Self-Reasoning Language Models: Unfold Hidden Reasoning Chains with Few Reasoning Catalyst
- URL: http://arxiv.org/abs/2505.14116v1
- Date: Tue, 20 May 2025 09:21:26 GMT
- Title: Self-Reasoning Language Models: Unfold Hidden Reasoning Chains with Few Reasoning Catalyst
- Authors: Hongru Wang, Deng Cai, Wanjun Zhong, Shijue Huang, Jeff Z. Pan, Zeming Liu, Kam-Fai Wong,
- Abstract summary: We introduce textitSelf-Reasoning Language Model (SRLM), where the model itself can synthesize longer CoT data and improve performance through self-training.<n>Our proposed SRLM achieves an average absolute improvement of more than $+2.5$ points across five reasoning tasks.
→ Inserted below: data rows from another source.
(* For all integers $n,k\ge 0$, the map $\phi'$ defined below restricts to a bijection from the set of bilateral Dyck paths of semilength $n$ with $k$ up-steps at odd height onto the set of bilateral Dyck paths of semilength $n$ with $k$ peaks. Definition of $\phi'$: (a) if $W$ is a Dyck word, $\phi'(W)=\phi(W)$; (b) if $W$ is a negative Dyck word, $\phi'(W)=\alpha(\phi(\beta(\alpha(W))))$; (c) if the path of $W$ has $l>0$ crossings, $W$ decomposes uniquely as $W=W_1W_2\cdots W_{l+1}$ where the $W_i$ are alternately nonempty Dyck words and negative Dyck words, and $\phi'(W)=\phi'(W_1)\phi'(W_2)\cdots\phi'(W_{l+1})$. Here: $\alpha$ replaces every $U$ by $D$ and every $D$ by $U$ (reflection in the $x$-axis). $\beta$ is defined on Dyck words: a nonempty Dyck word decomposes uniquely as $UW_1DW_2$ with $W_1,W_2$ Dyck words, and $\beta(UW_1DW_2)=UW_2DW_1$. $\phi$ is defined on Dyck words by $\phi(\epsilon)=\epsilon$ and, for a nonempty Dyck word $W$ whose path has $s\ge0$ down-steps at height $2$ before its first contact, with unique decomposition $W=U\big(\prod_{i=1}^{s}UW_iD\big)DW_{s+1}$ ($W_i$ Dyck words), $\phi(W)=\big(\prod_{i=1}^{s}U\,\phi(W_i)\big)\,UD\,D^{s}\,\phi(W_{s+1})$.
   Context: Paths have steps $(1,1)$ (up-step, letter $U$) and $(1,-1)$ (down-step, letter $D$), start at $(0,0)$; paths and words in $\{U,D\}$ are identified, $\epsilon$ is the empty word, products denote concatenation and $D^s$ is $s$ copies of $D$. A bilateral Dyck path is such a path ending on the line $y=0$ (no other restriction). A Dyck path is a bilateral Dyck path with no vertex of negative $y$-coordinate; a negative Dyck path is a bilateral Dyck path of nonzero length with no vertex of positive $y$-coordinate. The semilength is half the number of steps. An up-step is at height $j$ if it goes from $(i-1,j-1)$ to $(i,j)$; a down-step is at height $j$ if it goes from $(i,j)$ to $(i+1,j-1)$; it is at odd height if $j$ is odd. A peak is an up-step immediately followed by a down-step. A contact is a down-step at height $1$ or an up-step at height $0$. A crossing is a down-step at height $1$ immediately followed by a down-step at height $0$, or an up-step at height $0$ immediately followed by an up-step at height $1$. *)

theory Defs
  imports Main
begin

datatype step = U | D

fun flip :: "step \<Rightarrow> step" where
  "flip U = D" | "flip D = U"

definition alpha :: "step list \<Rightarrow> step list" where
  "alpha w = map flip w"

lemma length_alpha[simp]: "length (alpha w) = length w"
  by (simp add: alpha_def)

fun ht :: "step list \<Rightarrow> int" where
  "ht [] = 0"
| "ht (U # w) = ht w + 1"
| "ht (D # w) = ht w - 1"

definition bilateral :: "step list \<Rightarrow> bool" where
  "bilateral w \<longleftrightarrow> ht w = 0"

definition dyck :: "step list \<Rightarrow> bool" where
  "dyck w \<longleftrightarrow> ht w = 0 \<and> (\<forall>k\<le>length w. 0 \<le> ht (take k w))"

definition neg_dyck :: "step list \<Rightarrow> bool" where
  "neg_dyck w \<longleftrightarrow> w \<noteq> [] \<and> ht w = 0 \<and> (\<forall>k\<le>length w. ht (take k w) \<le> 0)"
- Score: 42.40884882220895
- License: http://creativecommons.org/licenses/by-nc-nd/4.0/
- Abstract: Inference-time scaling has attracted much attention which significantly enhance the performance of Large Language Models (LLMs) in complex reasoning tasks by increasing the length of Chain-of-Thought. These longer intermediate reasoning rationales embody various meta-reasoning skills in human cognition, such as reflection and decomposition, being difficult to create and acquire. In this work, we introduce \textit{Self-Reasoning Language Model} (SRLM), where the model itself can synthesize longer CoT data and iteratively improve performance through self-training. By incorporating a few demonstration examples (i.e., 1,000 samples) on how to unfold hidden reasoning chains from existing responses, which act as a reasoning catalyst, we demonstrate that SRLM not only enhances the model's initial performance but also ensures more stable and consistent improvements in subsequent iterations. Our proposed SRLM achieves an average absolute improvement of more than $+2.5$ points across five reasoning tasks: MMLU, GSM8K, ARC-C, HellaSwag, and BBH on two backbone models. Moreover, it brings more improvements with more times of sampling during inference, such as absolute $+7.89$ average improvement with $64$ sampling times, revealing the in-depth, diverse and creative reasoning paths in SRLM against the strong baseline.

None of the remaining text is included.